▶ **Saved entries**
text \<open>M is the intersection of the half-spaces determined by simple functions: a point m
  outside M is strictly separated from M by part (i) applied to M and {m}, and the zero
  function excludes every m when M is empty.\<close>
lemma halfspace_representation:
  assumes alg: "algebra \<Omega> A" and MA: "M \<subseteq> ba \<Omega> A"
    and cM: "convex_ba M" and kM: "compactin (weak_ba \<Omega> A) M"
  shows "M = {m \<in> ba \<Omega> A. \<forall>k\<in>simple_fns \<Omega> A. ereal (ba_integral \<Omega> m k) \<le> (SUP \<mu>\<in>M. ereal (ba_integral \<Omega> \<mu> k))}"
proof (intro equalityI subsetI CollectI conjI ballI)
  fix m assume "m \<in> M"
  then show "m \<in> ba \<Omega> A" using MA by blast
  show "ereal (ba_integral \<Omega> m k) \<le> (SUP \<mu>\<in>M. ereal (ba_integral \<Omega> \<mu> k))" for k
    using \<open>m \<in> M\<close> by (rule SUP_upper)
next
  fix m assume m: "m \<in> {m \<in> ba \<Omega> A. \<forall>k\<in>simple_fns \<Omega> A. ereal (ba_integral \<Omega> m k) \<le> (SUP \<mu>\<in>M. ereal (ba_integral \<Omega> \<mu> k))}"
  then have mA: "m \<in> ba \<Omega> A" and below: "\<And>k. k \<in> simple_fns \<Omega> A \<Longrightarrow> ereal (ba_integral \<Omega> m k) \<le> (SUP \<mu>\<in>M. ereal (ba_integral \<Omega> \<mu> k))"
    by auto
  show "m \<in> M"
  proof (rule ccontr)
    assume "m \<notin> M"
    have "M \<noteq> {}"
      using below[OF simple_fns_zero(1)[OF alg]] simple_fns_zero(2)[OF alg] by (auto simp: bot_ereal_def)
    moreover have "convex_ba {m}" unfolding convex_ba_def by (auto simp: algebra_simps)
    moreover have "compactin (weak_ba \<Omega> A) {m}" using mA by simp
    moreover have "M \<inter> {m} = {}" using \<open>m \<notin> M\<close> by blast
    ultimately obtain g \<delta> where g: "g \<in> simple_fns \<Omega> A" and "\<delta> < 0"
      and bound: "\<And>\<mu> \<nu>. \<mu> \<in> M \<Longrightarrow> \<nu> \<in> {m} \<Longrightarrow> ba_integral \<Omega> \<mu> g - ba_integral \<Omega> \<nu> g \<le> \<delta>"
      using separation[OF alg MA _ cM _ kM, of "{m}"] mA by blast
    have "(SUP \<mu>\<in>M. ereal (ba_integral \<Omega> \<mu> g)) \<le> ereal (ba_integral \<Omega> m g + \<delta>)"
    proof (rule SUP_least)
      fix \<mu> assume "\<mu> \<in> M"
      then have "ba_integral \<Omega> \<mu> g - ba_integral \<Omega> m g \<le> \<delta>" using bound by blast
      then show "ereal (ba_integral \<Omega> \<mu> g) \<le> ereal (ba_integral \<Omega> m g + \<delta>)" by simp
    qed
    also have "\<dots> < ereal (ba_integral \<Omega> m g)" using \<open>\<delta> < 0\<close> by simp
    finally show False using leD[OF below[OF g]] by blast
  qed
qed

lemma extreme_points_attain_max:
  assumes alg: "algebra \<Omega> A" and MA: "M \<subseteq> ba \<Omega> A" and kM: "compactin (weak_ba \<Omega> A) M"
    and k: "k \<in> simple_fns \<Omega> A" and ne: "extreme_points_ba M \<noteq> {}"
  shows "\<exists>\<mu>0\<in>extreme_points_ba M. \<forall>\<mu>\<in>extreme_points_ba M. ba_integral \<Omega> \<mu> k \<le> ba_integral \<Omega> \<mu>0 k"
proof -
  have "M \<noteq> {}" using ne extreme_points_subset by blast
  obtain e where "e \<in> extreme_points_ba M" "\<And>\<mu>. \<mu> \<in> M \<Longrightarrow> ba_integral \<Omega> \<mu> k \<le> ba_integral \<Omega> e k"
    using extreme_point_maximizer[OF alg MA kM \<open>M \<noteq> {}\<close> k] by blast
  then show ?thesis using extreme_points_subset by blast
qed

theorem extreme_point_representation:
  assumes alg: "algebra \<Omega> A" and MA: "M \<subseteq> ba \<Omega> A"
    and cM: "convex_ba M" and kM: "compactin (weak_ba \<Omega> A) M"
  shows "M = {m \<in> ba \<Omega> A. \<forall>k\<in>simple_fns \<Omega> A.
            ereal (ba_integral \<Omega> m k) \<le> (SUP \<mu>\<in>extreme_points_ba M. ereal (ba_integral \<Omega> \<mu> k))}"
proof -
  have sup_eq: "{m \<in> ba \<Omega> A. \<forall>k\<in>simple_fns \<Omega> A.
            ereal (ba_integral \<Omega> m k) \<le> (SUP \<mu>\<in>extreme_points_ba M. ereal (ba_integral \<Omega> \<mu> k))}
      = {m \<in> ba \<Omega> A. \<forall>k\<in>simple_fns \<Omega> A. ereal (ba_integral \<Omega> m k) \<le> (SUP \<mu>\<in>M. ereal (ba_integral \<Omega> \<mu> k))}"
    using SUP_extreme_points[OF alg MA kM] by simp
  show ?thesis unfolding sup_eq by (rule halfspace_representation[OF alg MA cM kM])
qed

▶ **DIRECTIONS FOR THIS TASK**
Wherever a line of the data holds "notin", copy that line.

▶ **YOUR SOLUTION**
    assume "m \<notin> M"
    moreover have "M \<inter> {m} = {}" using \<open>m \<notin> M\<close> by blast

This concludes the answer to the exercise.